O que vem a seguir é previsível. Quando a receita do imposto sobre a riqueza diminuir – e irá diminuir – os decisores políticos irão expandir os impostos em vez de cortar as despesas. Um imposto “único” cobrado de bilionários ou milionários leva a um patrimônio líquido muito menor. Os preços estão subindo. O que começa como uma medida restrita e excepcional torna-se mais permanente para muitas pessoas, justificado a cada passo pelo mesmo desespero financeiro que criou o fracasso comprovado da política em primeiro lugar.
Só então os contribuintes ficarão relutantes. Europa Impostos sobre a propriedade Falhas crônicas foram comprovadas e apenas algumas permanecem. Califórnia, esteja avisado.

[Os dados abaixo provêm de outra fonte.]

lemma hausdorff_content_eq_0_rescale:
  fixes A :: "'a::metric_space set"
  assumes "0 < \<alpha>" and "0 < \<delta>'" and "hausdorff_content \<alpha> \<delta> A = 0"
  shows "hausdorff_content \<alpha> \<delta>' A = 0"
proof -
  have "hausdorff_content \<alpha> \<delta>' A \<le> 0 + ennreal e" if "0 < e" for e
  proof -
    define \<epsilon> where "\<epsilon> = min e (\<delta>' powr \<alpha>)"
    have \<epsilon>: "0 < \<epsilon>" "\<epsilon> \<le> e" "\<epsilon> \<le> \<delta>' powr \<alpha>"
      using that assms by (auto simp: \<epsilon>_def)
    then have "hausdorff_content \<alpha> \<delta> A < ennreal \<epsilon>"
      using assms by simp
    then obtain U where U: "A \<subseteq> \<Union>(range U)" "\<And>i. bounded (U i)"
      and sum_less: "(\<Sum>i. ennreal (diameter (U i) powr \<alpha>)) < ennreal \<epsilon>"
      unfolding hausdorff_content_def INF_less_iff by auto
    \<comment> \<open>a set of diameter > \<delta>' alone would have mass \<ge> \<delta>'^\<alpha> \<ge> \<epsilon>\<close>
    have "diameter (U i) \<le> \<delta>'" for i
    proof (rule ccontr)
      assume "\<not> diameter (U i) \<le> \<delta>'"
      then have "\<delta>' powr \<alpha> \<le> diameter (U i) powr \<alpha>"
        using assms by (intro powr_mono2) auto
      moreover have "diameter (U i) powr \<alpha> < \<epsilon>"
        using ennreal_suminf_lessD[OF sum_less, of i] \<epsilon> by (simp add: ennreal_less_iff)
      ultimately show False
        using \<epsilon> by linarith
    qed
    then have "hausdorff_content \<alpha> \<delta>' A \<le> (\<Sum>i. ennreal (diameter (U i) powr \<alpha>))"
      unfolding hausdorff_content_def using U by (intro INF_lower) auto
    also have "\<dots> \<le> ennreal \<epsilon>"
      using sum_less by (rule less_imp_le)
    also have "\<dots> \<le> ennreal e"
      using \<epsilon>(2) by (rule ennreal_leI)
    finally show ?thesis
      by simp
  qed
  then have "hausdorff_content \<alpha> \<delta>' A \<le> 0"
    by (rule ennreal_le_epsilon)
  then show ?thesis
    by simp
qed

lemma hausdorff_measure_pos_iff_content_pos:
  fixes A :: "'a::metric_space set"
  assumes "0 < \<alpha>" and "0 < \<delta>"
  shows "0 < hausdorff_measure \<alpha> A \<longleftrightarrow> 0 < hausdorff_content \<alpha> \<delta> A"
proof
  assume "0 < hausdorff_measure \<alpha> A"
  then obtain \<delta>' where "0 < \<delta>'" "0 < hausdorff_content \<alpha> \<delta>' A"
    unfolding hausdorff_measure_def less_SUP_iff by auto
  then show "0 < hausdorff_content \<alpha> \<delta> A"
    using hausdorff_content_eq_0_rescale[OF \<open>0 < \<alpha>\<close> \<open>0 < \<delta>'\<close>] by (auto simp: zero_less_iff_neq_zero)
next
  assume "0 < hausdorff_content \<alpha> \<delta> A"
  also have "hausdorff_content \<alpha> \<delta> A \<le> hausdorff_measure \<alpha> A"
    unfolding hausdorff_measure_def using assms by (intro SUP_upper) auto
  finally show "0 < hausdorff_measure \<alpha> A" .
qed

lemma ennreal_pos_ex_inverse_Suc_le:
  fixes x :: ennreal
  assumes "0 < x"
  shows "\<exists>n. ennreal (1 / real (Suc n)) \<le> x"
proof (cases x rule: ennreal_cases)
  case (real r)
  with assms have "0 < r"
    by (simp add: ennreal_less_iff)
  then obtain n where "inverse (real (Suc n)) < r"
    using reals_Archimedean by blast
  with real show ?thesis
    by (intro exI[of _ n]) (simp add: ennreal_leI inverse_eq_divide)
qed simp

Um imposto sobre a riqueza não é uma solução para uma cultura financeira falida. Este é um sintoma que vê o crescimento dos custos como inevitável e opcional. Os decisores políticos que apelam a uma mobilidade ascendente genuína e fiscal mais sustentável podem culpar implacavelmente os ricos ou realizar um trabalho real e árduo: controlar o crescimento da despesa, expandir os impostos e promover um ambiente estável e favorável ao investimento.
Verônica de Rugy é pesquisador sênior do Mercatus Center da George Mason University. Este artigo foi produzido em colaboração com The Creators Syndicate.